## Action item
Some lines in the entries contain the word "definition". Copy all of them.

## Extracted information
▼

(* Let $(X,p)$ and $(Y,d)$ be metric spaces with $(Y,d)$ separable, and let $F: X \Rightarrow Y$ be a multi-valued function whose graph is a $\Sigma^0_2$ subset of $X \times Y$. Let $P$ be the set of points of $X$ at which $F$ is strongly continuous. (a) If $Y$ is compact and $F(x)$ is closed for every $x \in X$, then $P$ is a $\Pi^0_2$ subset of $X$. (b) If $Y$ is exhaustible by compact sets and $F(x)$ is closed for every $x \in X$, then $P$ is a $\Sigma^0_3$ subset of $X$.
   Context: A multi-valued function $F: X \Rightarrow Y$ assigns to each $x$ a nonempty set $F(x)\subseteq Y$; its graph is $\{(x,y): y\in F(x)\}\subseteq X\times Y$. $F$ is strongly continuous at $x$ if for every $y \in F(x)$ and every $\varepsilon>0$ there is $\delta>0$ such that for every $x' \in B_p(x,\delta)$ there is $y' \in F(x')$ with $d(y,y')<\varepsilon$. $Y$ is exhaustible by compact sets if there are compact $K_n\subseteq Y$ with $K_n$ contained in the interior of $K_{n+1}$ and $Y=\bigcup_n K_n$. Borel hierarchy: $\Sigma^0_1$ = open; $\Sigma^0_{n+1}$ = countable unions of sets whose complements are $\Sigma^0_k$ for some $k\le n$; $\Pi^0_n$ = complements of $\Sigma^0_n$ ($\Sigma^0_2=F_\sigma$, $\Pi^0_2=G_\delta$, $\Sigma^0_3$ = countable unions of $G_\delta$ sets). *)

theory Defs
  imports "HOL-Analysis.Analysis"
begin

inductive borel_sigma0 :: "nat \<Rightarrow> 'a::topological_space set \<Rightarrow> bool" where
  open_sigma: "open S \<Longrightarrow> borel_sigma0 1 S"
| union_sigma: "n \<ge> 1 \<Longrightarrow> (\<forall>i::nat. \<exists>k. 1 \<le> k \<and> k \<le> n \<and> borel_sigma0 k (- A i))
      \<Longrightarrow> borel_sigma0 (Suc n) (\<Union>i. A i)"

definition borel_pi0 :: "nat \<Rightarrow> 'a::topological_space set \<Rightarrow> bool" where
  "borel_pi0 n S \<longleftrightarrow> borel_sigma0 n (- S)"

definition graph_mv :: "('a \<Rightarrow> 'b set) \<Rightarrow> ('a \<times> 'b) set" where
  "graph_mv F = {(x, y). y \<in> F x}"

definition strongly_continuous_at :: "('a::metric_space \<Rightarrow> 'b::metric_space set) \<Rightarrow> 'a \<Rightarrow> bool" where
  "strongly_continuous_at F x \<longleftrightarrow>
     (\<forall>y\<in>F x. \<forall>\<epsilon>>0. \<exists>\<delta>>0. \<forall>x'\<in>ball x \<delta>. \<exists>y'\<in>F x'. dist y y' < \<epsilon>)"

definition exhaustible_by_compacts :: "'b::topological_space itself \<Rightarrow> bool" where
  "exhaustible_by_compacts TYPE('b) \<longleftrightarrow>
     (\<exists>K :: nat \<Rightarrow> 'b set. (\<forall>n. compact (K n)) \<and> (\<forall>n. K n \<subseteq> interior (K (Suc n)))
        \<and> (\<Union>n. K n) = UNIV)"

end

theory Submission
  imports Defs
begin

text \<open>Fix a countable dense set D. A point x fails to be a point of strong continuity
  exactly when, for some d \<in> D and n, the value F x meets ball d (1/(n+1)) but x is not
  interior to the lower inverse {x'. F x' meets ball d (2/(n+1))}. Lower inverses of open sets
  are F-sigma: the graph is F-sigma, and the projection of a closed subset of X \<times> K along a
  compact K is closed, so writing Y as a countable union of compacts exhibits them as countable
  unions of closed sets. Hence the complement of P is F-sigma, P is Pi^0_2 whenever Y is
  sigma-compact, and (b) follows from Pi^0_2 \<subseteq> Sigma^0_3.\<close>

lemma borel_sigma0_1_imp_open: "borel_sigma0 1 S \<Longrightarrow> open S"
  by (cases rule: borel_sigma0.cases) auto

lemma borel_sigma0_2_iff_fsigma_in:
  fixes S :: "'a::topological_space set"
  shows "borel_sigma0 2 S \<longleftrightarrow> fsigma_in euclidean S"
proof
  assume "borel_sigma0 2 S"
  then obtain A :: "nat \<Rightarrow> 'a set"
    where A: "S = (\<Union>i. A i)" "\<And>i. \<exists>k. 1 \<le> k \<and> k \<le> 1 \<and> borel_sigma0 k (- A i)"
    by (cases rule: borel_sigma0.cases) auto
  then have "\<And>i. closed (A i)"
    using borel_sigma0_1_imp_open closed_open le_antisym by metis
  then show "fsigma_in euclidean S"
    unfolding A(1) by (intro fsigma_in_Union) (auto intro: closed_imp_fsigma_in)
next
  assume "fsigma_in euclidean S"
  then obtain C :: "nat \<Rightarrow> 'a set" where C: "\<And>n. closed (C n)" "S = (\<Union>n. C n)"
    unfolding fsigma_in_ascending closed_closedin by blast
  have "\<And>n. borel_sigma0 1 (- C n)"
    using C(1) by (intro borel_sigma0.open_sigma open_Compl)
  then have "borel_sigma0 (Suc 1) (\<Union>n. C n)"
    by (intro borel_sigma0.union_sigma) auto
  then show "borel_sigma0 2 S"
    by (simp add: C(2) numeral_2_eq_2)
qed

lemma borel_pi0_imp_sigma0_Suc:
  assumes "1 \<le> n" "borel_pi0 n S"
  shows "borel_sigma0 (Suc n) S"
  using borel_sigma0.union_sigma[of n "\<lambda>_. S"] assms
  by (auto simp: borel_pi0_def)

lemma closed_fst_image_Int_Times_compact:
  fixes C :: "('a::topological_space \<times> 'b::topological_space) set"
  assumes "closed C" "compact K"
  shows "closed (fst ` (C \<inter> (UNIV \<times> K)))"
proof -
  have "closed_map (prod_topology euclidean (top_of_set K)) euclidean fst"
    by (rule closed_map_fst) (simp add: compact_space_subtopology assms(2))
  moreover have "closedin (prod_topology euclidean (top_of_set K)) (C \<inter> (UNIV \<times> K))"
    using closedin_closed_Int[OF assms(1), of "UNIV \<times> K"]
    by (simp add: prod_topology_subtopology euclidean_product_topology Int_commute)
  ultimately show ?thesis
    unfolding closed_map_def closed_closedin by blast
qed

lemma fsigma_in_fst_image:
  fixes S :: "('a::topological_space \<times> 'b::topological_space) set" and K :: "nat \<Rightarrow> 'b set"
  assumes "fsigma_in euclidean S"
    and K: "\<And>n. compact (K n)" "(\<Union>n. K n) = UNIV"
  shows "fsigma_in euclidean (fst ` S)"
proof -
  obtain \<C> where \<C>: "countable \<C>" "\<And>C. C \<in> \<C> \<Longrightarrow> closed C" "S = \<Union>\<C>"
    using assms(1) unfolding fsigma_in_def union_of_def closed_closedin by (metis mem_Collect_eq subsetD)
  have "S = (\<Union>C\<in>\<C>. \<Union>n. C \<inter> (UNIV \<times> K n))"
    using K(2) unfolding \<C>(3) by auto
  then have "fst ` S = (\<Union>C\<in>\<C>. \<Union>n. fst ` (C \<inter> (UNIV \<times> K n)))"
    by (simp only: image_UN)
  also have "fsigma_in euclidean \<dots>"
  proof -
    have "fsigma_in euclidean (fst ` (C \<inter> (UNIV \<times> K n)))" if "C \<in> \<C>" for C n
      using \<C>(2)[OF that] K(1)
      by (simp add: closed_imp_fsigma_in closed_fst_image_Int_Times_compact flip: closed_closedin)
    then show ?thesis
      using \<C>(1) by (auto intro!: fsigma_in_Union)
  qed
  finally show ?thesis .
qed

definition lower_inverse :: "('a \<Rightarrow> 'b set) \<Rightarrow> 'b set \<Rightarrow> 'a set" where
  "lower_inverse F U = {x. F x \<inter> U \<noteq> {}}"

lemma fsigma_in_lower_inverse:
  fixes F :: "'a::metric_space \<Rightarrow> 'b::metric_space set" and K :: "nat \<Rightarrow> 'b set"
  assumes "fsigma_in euclidean (graph_mv F)"
    and "\<And>n. compact (K n)" "(\<Union>n. K n) = UNIV"
    and "open U"
  shows "fsigma_in euclidean (lower_inverse F U)"
proof -
  have "lower_inverse F U = fst ` (graph_mv F \<inter> (UNIV \<times> U))"
    unfolding lower_inverse_def graph_mv_def by (auto intro: rev_image_eqI)
  moreover have "fsigma_in euclidean (graph_mv F \<inter> (UNIV \<times> U))"
    by (intro fsigma_in_Int[OF assms(1)] open_imp_fsigma_in)
      (simp_all add: metrizable_space_euclidean open_Times assms(4))
  ultimately show ?thesis
    using fsigma_in_fst_image[OF _ assms(2,3)] by simp
qed

lemma strongly_continuous_at_imp_interior_lower_inverse:
  assumes "strongly_continuous_at F x" "x \<in> lower_inverse F (ball d r)"
  shows "x \<in> interior (lower_inverse F (ball d (2 * r)))"
proof -
  obtain y where y: "y \<in> F x" "dist d y < r"
    using assms(2) by (auto simp: lower_inverse_def)
  then have "r > 0"
    using zero_le_dist[of d y] by linarith
  then obtain \<delta> where "\<delta> > 0" and \<delta>: "\<And>x'. x' \<in> ball x \<delta> \<Longrightarrow> \<exists>y'\<in>F x'. dist y y' < r"
    using assms(1) y(1) unfolding strongly_continuous_at_def by blast
  have "ball x \<delta> \<subseteq> lower_inverse F (ball d (2 * r))"
  proof
    fix x' assume "x' \<in> ball x \<delta>"
    then obtain y' where "y' \<in> F x'" "dist y y' < r"
      using \<delta> by blast
    moreover have "dist d y' \<le> dist d y + dist y y'"
      by (rule dist_triangle)
    ultimately show "x' \<in> lower_inverse F (ball d (2 * r))"
      using y(2) by (auto simp: lower_inverse_def)
  qed
  with \<open>\<delta> > 0\<close> show ?thesis
    by (meson centre_in_ball interior_maximal open_ball subsetD)
qed

lemma strongly_continuous_atI_dense:
  assumes "closure D = UNIV"
    and H: "\<And>d n. d \<in> D \<Longrightarrow> x \<in> lower_inverse F (ball d (1 / Suc n)) \<Longrightarrow>
                   x \<in> interior (lower_inverse F (ball d (2 / Suc n)))"
  shows "strongly_continuous_at F x"
  unfolding strongly_continuous_at_def
proof (intro ballI allI impI)
  fix y and \<epsilon> :: real assume "y \<in> F x" "\<epsilon> > 0"
  then obtain n where n: "inverse (real (Suc n)) < \<epsilon> / 3"
    using reals_Archimedean[of "\<epsilon> / 3"] by auto
  define r where "r = 1 / real (Suc n)"
  have "r > 0" "3 * r < \<epsilon>"
    using n by (simp_all add: r_def inverse_eq_divide)
  then obtain d where "d \<in> D" "dist d y < r"
    using closure_approachable[of y D] assms(1) by (auto simp: dist_commute)
  then have "x \<in> lower_inverse F (ball d r)"
    using \<open>y \<in> F x\<close> by (auto simp: lower_inverse_def)
  then have "x \<in> interior (lower_inverse F (ball d (2 * r)))"
    using H[OF \<open>d \<in> D\<close>] by (simp add: r_def)
  then obtain \<delta> where "\<delta> > 0" and \<delta>: "ball x \<delta> \<subseteq> lower_inverse F (ball d (2 * r))"
    unfolding mem_interior by blast
  have "\<exists>y'\<in>F x'. dist y y' < \<epsilon>" if "x' \<in> ball x \<delta>" for x'
  proof -
    have "x' \<in> lower_inverse F (ball d (2 * r))"
      using \<delta> that by blast
    then obtain y' where "y' \<in> F x'" "dist d y' < 2 * r"
      by (auto simp: lower_inverse_def)
    moreover have "dist y y' \<le> dist d y + dist d y'"
      by (rule dist_triangle3)
    ultimately have "dist y y' < \<epsilon>"
      using \<open>dist d y < r\<close> \<open>3 * r < \<epsilon>\<close> by linarith
    with \<open>y' \<in> F x'\<close> show ?thesis
      by blast
  qed
  with \<open>\<delta> > 0\<close> show "\<exists>\<delta>>0. \<forall>x'\<in>ball x \<delta>. \<exists>y'\<in>F x'. dist y y' < \<epsilon>"
    by blast
qed

lemma not_strongly_continuous_eq_Union:
  assumes "closure D = UNIV"
  shows "{x. \<not> strongly_continuous_at F x} =
    (\<Union>(d, n) \<in> D \<times> UNIV. lower_inverse F (ball d (1 / Suc n))
                             - interior (lower_inverse F (ball d (2 / Suc n))))"
proof (intro equalityI subsetI)
  fix x assume "x \<in> {x. \<not> strongly_continuous_at F x}"
  then obtain d n where "d \<in> D" "x \<in> lower_inverse F (ball d (1 / Suc n))"
      "x \<notin> interior (lower_inverse F (ball d (2 / Suc n)))"
    using strongly_continuous_atI_dense[OF assms, of x F] by (metis mem_Collect_eq)
  then show "x \<in> (\<Union>(d, n) \<in> D \<times> UNIV. lower_inverse F (ball d (1 / Suc n))
                             - interior (lower_inverse F (ball d (2 / Suc n))))"
    by blast
next
  fix x assume "x \<in> (\<Union>(d, n) \<in> D \<times> UNIV. lower_inverse F (ball d (1 / Suc n))
                             - interior (lower_inverse F (ball d (2 / Suc n))))"
  then obtain d n where "x \<in> lower_inverse F (ball d (1 / Suc n))"
      "x \<notin> interior (lower_inverse F (ball d (2 * (1 / Suc n))))"
    by auto
  then show "x \<in> {x. \<not> strongly_continuous_at F x}"
    using strongly_continuous_at_imp_interior_lower_inverse by blast
qed

lemma fsigma_in_not_strongly_continuous:
  fixes F :: "'a::metric_space \<Rightarrow> 'b::metric_space set" and D :: "'b set"
    and K :: "nat \<Rightarrow> 'b set"
  assumes "countable D" "closure D = UNIV"
    and "fsigma_in euclidean (graph_mv F)"
    and "\<And>n. compact (K n)" "(\<Union>n. K n) = UNIV"
  shows "fsigma_in euclidean {x. \<not> strongly_continuous_at F x}"
proof -
  have "fsigma_in euclidean (lower_inverse F (ball d (1 / Suc n))
                             - interior (lower_inverse F (ball d (2 / Suc n))))" for d n
    by (intro fsigma_in_diff fsigma_in_lower_inverse[OF assms(3-5)] open_imp_gdelta_in) auto
  then show ?thesis
    unfolding not_strongly_continuous_eq_Union[OF assms(2)]
    using assms(1) by (auto intro!: fsigma_in_Union)
qed

theorem theorem3p2:
  fixes F :: "'a::metric_space \<Rightarrow> 'b::metric_space set"
  assumes separable: "\<exists>D :: 'b set. countable D \<and> closure D = UNIV"
    and nonempty: "\<And>x. F x \<noteq> {}"
    and graph: "borel_sigma0 2 (graph_mv F)"
  shows "(compact (UNIV :: 'b set) \<and> (\<forall>x. closed (F x))
            \<longrightarrow> borel_pi0 2 {x. strongly_continuous_at F x})
       \<and> (exhaustible_by_compacts TYPE('b) \<and> (\<forall>x. closed (F x))
            \<longrightarrow> borel_sigma0 3 {x. strongly_continuous_at F x})"
proof (intro conjI impI)
  obtain D :: "'b set" where D: "countable D" "closure D = UNIV"
    using separable by blast
  have G: "fsigma_in euclidean (graph_mv F)"
    using graph borel_sigma0_2_iff_fsigma_in by blast
  have P: "borel_pi0 2 {x. strongly_continuous_at F x}"
    if "\<And>n. compact (K n)" "(\<Union>n. K n) = UNIV" for K :: "nat \<Rightarrow> 'b set"
    using fsigma_in_not_strongly_continuous[OF D G that]
    unfolding borel_pi0_def borel_sigma0_2_iff_fsigma_in Collect_neg_eq .
  show "borel_pi0 2 {x. strongly_continuous_at F x}"
    if "compact (UNIV :: 'b set) \<and> (\<forall>x. closed (F x))"
    using P[of "\<lambda>_. UNIV"] that by simp
  show "borel_sigma0 3 {x. strongly_continuous_at F x}"
    if exhaustible: "exhaustible_by_compacts TYPE('b) \<and> (\<forall>x. closed (F x))"
  proof -
    obtain K :: "nat \<Rightarrow> 'b set" where "\<forall>n. compact (K n)" "(\<Union>n. K n) = UNIV"
      using exhaustible unfolding exhaustible_by_compacts_def by auto
    then have "borel_pi0 2 {x. strongly_continuous_at F x}"
      using P[of K] by simp
    then have "borel_sigma0 (Suc 2) {x. strongly_continuous_at F x}"
      by (rule borel_pi0_imp_sigma0_Suc[rotated]) simp
    then show ?thesis
      by (simp add: numeral_3_eq_3)
  qed
qed

end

▲

## Answer space
definition borel_pi0 :: "nat \<Rightarrow> 'a::topological_space set \<Rightarrow> bool" where
definition graph_mv :: "('a \<Rightarrow> 'b set) \<Rightarrow> ('a \<times> 'b) set" where
definition strongly_continuous_at :: "('a::metric_space \<Rightarrow> 'b::metric_space set) \<Rightarrow> 'a \<Rightarrow> bool" where
definition exhaustible_by_compacts :: "'b::topological_space itself \<Rightarrow> bool" where
definition lower_inverse :: "('a \<Rightarrow> 'b set) \<Rightarrow> 'b set \<Rightarrow> 'a set" where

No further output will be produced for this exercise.